Instructions to follow: Those lines of the following listing which contain the string "blast" should be returned.

Data records:
**********
lemma cd_lift_frame_map_in_G2:
  fixes U V :: "'a::field oct"
  assumes "matrix_unit_pair U V"
  shows "cd_lift (frame_map U V) \<in> G2"
proof -
  have "U \<in> quatM" "V \<in> quatM"
    using assms by (auto simp: matrix_unit_pair_def)
  then have "bij (cd_lift (frame_map U V))"
    using assms by (intro bij_cd_lift[where \<psi> = "frame_coords U V"])
      (auto simp: frame_map_in_quatM frame_coords_in_quatM frame_map_frame_coords
        frame_coords_frame_map)
  then show ?thesis
    unfolding G2_def
    using cd_lift_frame_map_oadd cd_lift_frame_map_osmul cd_lift_frame_map_omult[OF assms]
    by blast
qed

lemma eq_cd_lift_frame_map_if_frame_coords_eq:
  fixes U V :: "'a::field oct"
  assumes "matrix_unit_pair U V" "z \<in> quatM" "w \<in> quatM"
    and "frame_coords U V z = frame_coords ou1 ov1 w"
  shows "z = cd_lift (frame_map U V) w"
proof -
  have "z = frame_map U V (frame_coords U V z)"
    using assms(1,2) by (simp add: frame_map_frame_coords)
  also have "\<dots> = frame_map U V w"
    using assms(3,4) by (simp add: frame_coords_ou1_ov1)
  also have "\<dots> = cd_lift (frame_map U V) w"
    using assms(3) by (auto simp: quatM_iff cd_lift_quat frame_map_ozero)
  finally show ?thesis .
qed

lemma S3_onorm_eq:
  assumes "\<forall>f \<in> S3 n. f xs = f ys" "i < n"
  shows "onorm (xs ! i) = onorm (ys ! i)"
proof -
  have "(\<lambda>x. onorm (x ! i)) \<in> S3 n" using assms(2) unfolding S3_def by blast
  with assms(1) show ?thesis by fastforce
qed

lemma S3_otr_eq:
  assumes "\<forall>f \<in> S3 n. f xs = f ys" "i < n"
  shows "otr (xs ! i) = otr (ys ! i)"
proof -
  have "(\<lambda>x. otr (x ! i)) \<in> S3 n" using assms(2) unfolding S3_def by blast
  with assms(1) show ?thesis by fastforce
qed

lemma S3_otr_omult_eq:
  assumes "\<forall>f \<in> S3 n. f xs = f ys" "i < j" "j < n"
  shows "otr (omult (xs ! i) (xs ! j)) = otr (omult (ys ! i) (ys ! j))"
proof -
  have "(\<lambda>x. otr (omult (x ! i) (x ! j))) \<in> S3 n" using assms(2,3) unfolding S3_def by blast
  with assms(1) show ?thesis by fastforce
qed

lemma S3_otr_omult3_eq:
  assumes "\<forall>f \<in> S3 n. f xs = f ys" "i < j" "j < k" "k < n"
  shows "otr (omult (omult (xs ! i) (xs ! j)) (xs ! k)) = otr (omult (omult (ys ! i) (ys ! j)) (ys ! k))"
proof -
  have "(\<lambda>x. otr (omult (omult (x ! i) (x ! j)) (x ! k))) \<in> S3 n"
    using assms(2-4) unfolding S3_def by blast
  with assms(1) show ?thesis by fastforce
qed

lemma matrix_unit_pair_S3:
  assumes "\<forall>f \<in> S3 n. f xs = f ys" "j < k" "k < n" "set ys \<subseteq> quatM" "length ys = n"
    and "matrix_unit_pair (xs ! j) (xs ! k)"
  shows "matrix_unit_pair (ys ! j) (ys ! k)"
  using assms S3_onorm_eq[OF assms(1)] S3_otr_eq[OF assms(1)] S3_otr_omult_eq[OF assms(1)]
  by (auto simp: matrix_unit_pair_def subset_iff)

lemma frame_coords_S3:
  assumes "\<forall>f \<in> S3 n. f xs = f ys" "j < k" "i < n" "k < n" "i < j \<or> k < i"
  shows "frame_coords (xs ! j) (xs ! k) (xs ! i) = frame_coords (ys ! j) (ys ! k) (ys ! i)"
  using assms(5)
proof
  assume "i < j"
  then show ?thesis
    using assms(2,4) S3_otr_eq[OF assms(1,3)] S3_otr_omult_eq[OF assms(1)]
      S3_otr_omult3_eq[OF assms(1)]
    by (simp add: frame_coords_def)
next
  assume "k < i"
  have "otr (omult (omult (zs ! i) (zs ! j)) (zs ! k)) = otr (omult (omult (zs ! j) (zs ! k)) (zs ! i))"
    for zs :: "'a oct list"
    by (metis otr_omult_cyclic)
  moreover have "otr (omult (zs ! i) (zs ! m)) = otr (omult (zs ! m) (zs ! i))"
    for zs :: "'a oct list" and m
    by (rule otr_omult_commute)
  ultimately show ?thesis
    using \<open>k < i\<close> assms(2,3) S3_otr_eq[OF assms(1,3)] S3_otr_omult_eq[OF assms(1)]
      S3_otr_omult3_eq[OF assms(1) assms(2) \<open>k < i\<close> assms(3)]
    by (simp add: frame_coords_def)
qed

lemma frame_coords_consecutive_S3:
  fixes xs ys :: "'a::field oct list"
  assumes "\<forall>f \<in> S3 n. f xs = f ys" "Suc j < n" "i < n"
    and "matrix_unit_pair (xs ! j) (xs ! Suc j)" "matrix_unit_pair (ys ! j) (ys ! Suc j)"
  shows "frame_coords (xs ! j) (xs ! Suc j) (xs ! i) = frame_coords (ys ! j) (ys ! Suc j) (ys ! i)"
proof (cases "i = j \<or> i = Suc j")
  case True
  then show ?thesis
    using frame_coords_left_right[OF assms(4)] frame_coords_left_right[OF assms(5)] by auto
next
  case False
  then have "i < j \<or> Suc j < i" by linarith
  then show ?thesis
    using frame_coords_S3[OF assms(1) _ assms(3,2)] by simp
qed

lemma map_cd_lift_if_S3_eq:
  fixes xs ys :: "'a::field oct list"
  assumes inv: "\<forall>f \<in> S3 n. f xs = f ys"
    and "length xs = n" "length ys = n" "set xs \<subseteq> quatM" "set ys \<subseteq> quatM"
    and "Suc j < n" "xs ! j = ou1" "xs ! Suc j = ov1"
  shows "matrix_unit_pair (ys ! j) (ys ! Suc j)"
    and "ys = map (cd_lift (frame_map (ys ! j) (ys ! Suc j))) xs"
proof -
  show UV: "matrix_unit_pair (ys ! j) (ys ! Suc j)"
    using matrix_unit_pair_S3[OF inv _ _ assms(5,3), of j "Suc j"] assms(6-8)
    by (simp add: matrix_unit_pair_ou1_ov1)
  have "frame_coords (ys ! j) (ys ! Suc j) (ys ! i) = frame_coords ou1 ov1 (xs ! i)" if "i < n" for i
    using frame_coords_consecutive_S3[OF inv assms(6) that _ UV] assms(7,8)
    by (simp add: matrix_unit_pair_ou1_ov1)
  then have "ys ! i = cd_lift (frame_map (ys ! j) (ys ! Suc j)) (xs ! i)" if "i < n" for i
    using that eq_cd_lift_frame_map_if_frame_coords_eq[OF UV] assms(2-5) by (simp add: subset_iff)
  then show "ys = map (cd_lift (frame_map (ys ! j) (ys ! Suc j))) xs"
    using assms(2,3) by (intro nth_equalityI) simp_all
qed

lemma G2_comp: "g \<in> G2 \<Longrightarrow> h \<in> G2 \<Longrightarrow> h \<circ> g \<in> G2"
  unfolding G2_def by (auto intro: bij_comp)

lemma G2_inv:
  assumes "g \<in> G2"
  shows "inv g \<in> G2"
proof -
  have g: "bij g" "\<And>x y. g (oadd x y) = oadd (g x) (g y)" "\<And>c x. g (osmul c x) = osmul c (g x)"
    "\<And>x y. g (omult x y) = omult (g x) (g y)"
    using assms unfolding G2_def by auto
  have gi: "g (inv g x) = x" and ig: "inv g (g x) = x" for x
    using g(1) by (simp_all add: bij_is_surj surj_f_inv_f bij_is_inj)
  have "inv g (oadd x y) = oadd (inv g x) (inv g y)" for x y
    by (metis g(2) gi ig)
  moreover have "inv g (osmul c x) = osmul c (inv g x)" for c x
    by (metis g(3) gi ig)
  moreover have "inv g (omult x y) = omult (inv g x) (inv g y)" for x y
    by (metis g(4) gi ig)
  ultimately show ?thesis using g(1)
    unfolding G2_def by (auto intro: bij_imp_bij_inv)
qed

lemma G2_orbit_map_subset: "g \<in> G2 \<Longrightarrow> G2_orbit (map g xs) \<subseteq> G2_orbit xs"
  unfolding G2_orbit_def by (auto simp: map_map intro: G2_comp)

lemma G2_orbit_map:
  assumes "g \<in> G2"
  shows "G2_orbit (map g xs) = G2_orbit xs"
proof
  show "G2_orbit (map g xs) \<subseteq> G2_orbit xs"
    using assms by (rule G2_orbit_map_subset)
  have "xs = map (inv g) (map g xs)"
    using assms by (simp add: G2_def bij_is_inj)
  then show "G2_orbit xs \<subseteq> G2_orbit (map g xs)"
    using G2_orbit_map_subset[OF G2_inv[OF assms], of "map g xs"] by simp
qed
**********
Your solution:
    by blast
  have "(\<lambda>x. onorm (x ! i)) \<in> S3 n" using assms(2) unfolding S3_def by blast
  have "(\<lambda>x. otr (x ! i)) \<in> S3 n" using assms(2) unfolding S3_def by blast
  have "(\<lambda>x. otr (omult (x ! i) (x ! j))) \<in> S3 n" using assms(2,3) unfolding S3_def by blast
    using assms(2-4) unfolding S3_def by blast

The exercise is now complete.